As yet, Amzi and Yusuf had been permitted to wander at will. For hours and hours did they roam about the streets seeking for some clue to Dumah's place of imprisonment, but all efforts were futile, until one day Amzi heard a faint voice singing in the cellar of one of the Moslem buildings. He lay down by the wall, closed his eyes, and strained his ears to catch the sound. It was assuredly Dumah, singing weakly:
"Oh, why will they not come,
The friends of Dumah!
For living death is upon him,
And the walls of his tomb close over,
Yet will not in mercy fall on him.
Does the sun shine still on the mountain,
And the trees wave?
Do the birds still sing in the palm-trees,
And the flowers still bloom in Kuba?
And yet doth Dumah languish
"But Dumah's friends have forgotten him,
Nor seek him more,
And even the angels vanish,
And the tomb is all about him:
O Death, come, haste to Dumah!"
The voice sank away in a low wail, and Amzi sprang up. His first impulse was to rush in and batter at the door of Dumah's cell; his second, to call words of comfort through the wall. Yet either would be imprudent and might ruin all, so he hastened home to Yusuf.
"I will go to him immediately," said the priest.
"But how?"
"In disguise if need be," was the reply.
"In disguise!" exclaimed Amzi. "Friend, with your physique, think you you can disguise yourself?
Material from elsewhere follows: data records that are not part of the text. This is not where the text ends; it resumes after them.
(* Let $S$ be a string of length $n$ and $\tau,k$ positive integers. Given random access to the sorted list of starting positions of the occurrences in $S$ of an aperiodic substring $P$ of $S$, together with the number of these occurrences, one can check whether $P$ is $(\tau,k)$-resilient in $S$ in $\mathcal{O}(\tau+k)$ time.
   Context: An integer $p>0$ is a period of $P$ if $P[t]=P[t+p]$ for all $t\in[0,|P|-p)$; $\mathsf{per}(P)$ is the smallest period; $P$ is aperiodic if $\mathsf{per}(P)>|P|/2$. Here, a substring $P$ of $S$ is $(\tau,k)$-resilient in $S$ if $P$ occurs at least $\tau$ times in every string obtained from $S$ by replacing the letters at at most $k$ positions with a letter $\#$ not in the alphabet of $S$. *)

theory Defs
  imports Main "HOL-Library.Sublist"
begin

definition is_period :: "'a list \<Rightarrow> nat \<Rightarrow> bool" where
  "is_period P p \<longleftrightarrow> p > 0 \<and> (\<forall>t. t + p < length P \<longrightarrow> P ! t = P ! (t + p))"

definition per :: "'a list \<Rightarrow> nat" where
  "per P = (LEAST p. is_period P p)"

definition aperiodic :: "'a list \<Rightarrow> bool" where
  "aperiodic P \<longleftrightarrow> 2 * per P > length P"

definition occs :: "'a list \<Rightarrow> 'a list \<Rightarrow> nat set" where
  "occs S P = {i. i + length P \<le> length S \<and> take (length P) (drop i S) = P}"

text \<open>Replacing the letters at positions D by a fresh letter; the fresh letter is None.\<close>
definition mask :: "'a list \<Rightarrow> nat set \<Rightarrow> 'a option list" where
  "mask S D = map (\<lambda>i. if i \<in> D then None else Some (S ! i)) [0..<length S]"

definition resilient :: "nat \<Rightarrow> nat \<Rightarrow> 'a list \<Rightarrow> 'a list \<Rightarrow> bool" where
  "resilient \<tau> k S P \<longleftrightarrow>
     (\<forall>D. D \<subseteq> {0..<length S} \<and> card D \<le> k \<longrightarrow>
        card (occs (mask S D) (map Some P)) \<ge> \<tau>)"

datatype instr =
    LoadC nat nat
  | Add nat nat nat
  | Sub nat nat nat
  | ReadIn nat nat
  | LoadI nat nat
  | StoreI nat nat
  | JumpLe nat nat nat
  | Halt

type_synonym config = "nat \<times> (nat \<Rightarrow> nat)"

definition rd :: "nat list \<Rightarrow> nat \<Rightarrow> nat" where
  "rd A i = (if i < length A then A ! i else 0)"

fun exec :: "instr \<Rightarrow> nat list \<Rightarrow> config \<Rightarrow> config" where
  "exec (LoadC r c) A (pc, R) = (Suc pc, R(r := c))"
| "exec (Add r a b) A (pc, R) = (Suc pc, R(r := R a + R b))"
| "exec (Sub r a b) A (pc, R) = (Suc pc, R(r := R a - R b))"
| "exec (ReadIn r j) A (pc, R) = (Suc pc, R(r := rd A (R j)))"
| "exec (LoadI r j) A (pc, R) = (Suc pc, R(r := R (R j)))"
| "exec (StoreI i j) A (pc, R) = (Suc pc, R(R i := R j))"
| "exec (JumpLe a b l) A (pc, R) = (if R a \<le> R b then (l, R) else (Suc pc, R))"
| "exec Halt A (pc, R) = (pc, R)"

definition halted :: "instr list \<Rightarrow> config \<Rightarrow> bool" where
  "halted prog cfg \<longleftrightarrow> fst cfg \<ge> length prog \<or> prog ! fst cfg = Halt"

definition step :: "instr list \<Rightarrow> nat list \<Rightarrow> config \<Rightarrow> config" where
  "step prog A cfg = (if halted prog cfg then cfg else exec (prog ! fst cfg) A cfg)"

definition run :: "instr list \<Rightarrow> nat list \<Rightarrow> nat \<Rightarrow> config \<Rightarrow> config" where
  "run prog A t cfg = (step prog A ^^ t) cfg"

text \<open>Initial configuration: R0 = tau, R1 = k, R2 = |P|, R3 = number of occurrences,
  R4 = n = |S|; all other registers 0.  Output: R0 = 1 means "yes".\<close>
definition init :: "nat \<Rightarrow> nat \<Rightarrow> nat \<Rightarrow> nat \<Rightarrow> nat \<Rightarrow> config" where
  "init \<tau> k m occ n = (0, (\<lambda>_. 0)(0 := \<tau>, 1 := k, 2 := m, 3 := occ, 4 := n))"

end

theory Submission
  imports Defs
begin

text \<open>Let A be the sorted list of occurrences of P and m = |P| > 0. Three occurrences sharing a
  position would put two gaps, each at least per P, into a window shorter than m; so for aperiodic
  P a position lies in at most two occurrences, and then in two that are consecutive in A and
  overlap. Hence k masked positions destroy at most k + min k g occurrences, where g is the size of
  a maximum matching of overlapping consecutive pairs, and this bound is attained. So P is
  (\<tau>, k)-resilient iff \<tau> + k + min k g \<le> |A|. A greedy scan over A computes g, and it is only
  run when |A| < \<tau> + 2k, which bounds the running time by O(\<tau> + k).\<close>

section \<open>Occurrences, masks and periods\<close>

lemma mem_occs_iff:
  "i \<in> occs S P \<longleftrightarrow> i + length P \<le> length S \<and> (\<forall>t<length P. S ! (i + t) = P ! t)"
  unfolding occs_def by (auto simp: list_eq_iff_nth_eq)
Not a Moslem in Mecca who does not know the figure of Yusuf the Christian. Nay, Yusuf, your friend Amzi can effect a disguise much more easily. Here,"—running his fingers through his gray beard,—"a few grains of black dye can soon transform this; some stain will change the Meccan's ruddy cheeks into the brown of a desert Arab. The thing is easy."
"As you will, then," said the priest; and the two were soon busy at work at the transforming process.
With the garb of a Moslem soldier, Amzi was soon, to all appearance, a passable Mussulman, with divided beard, and chocolate-brown skin.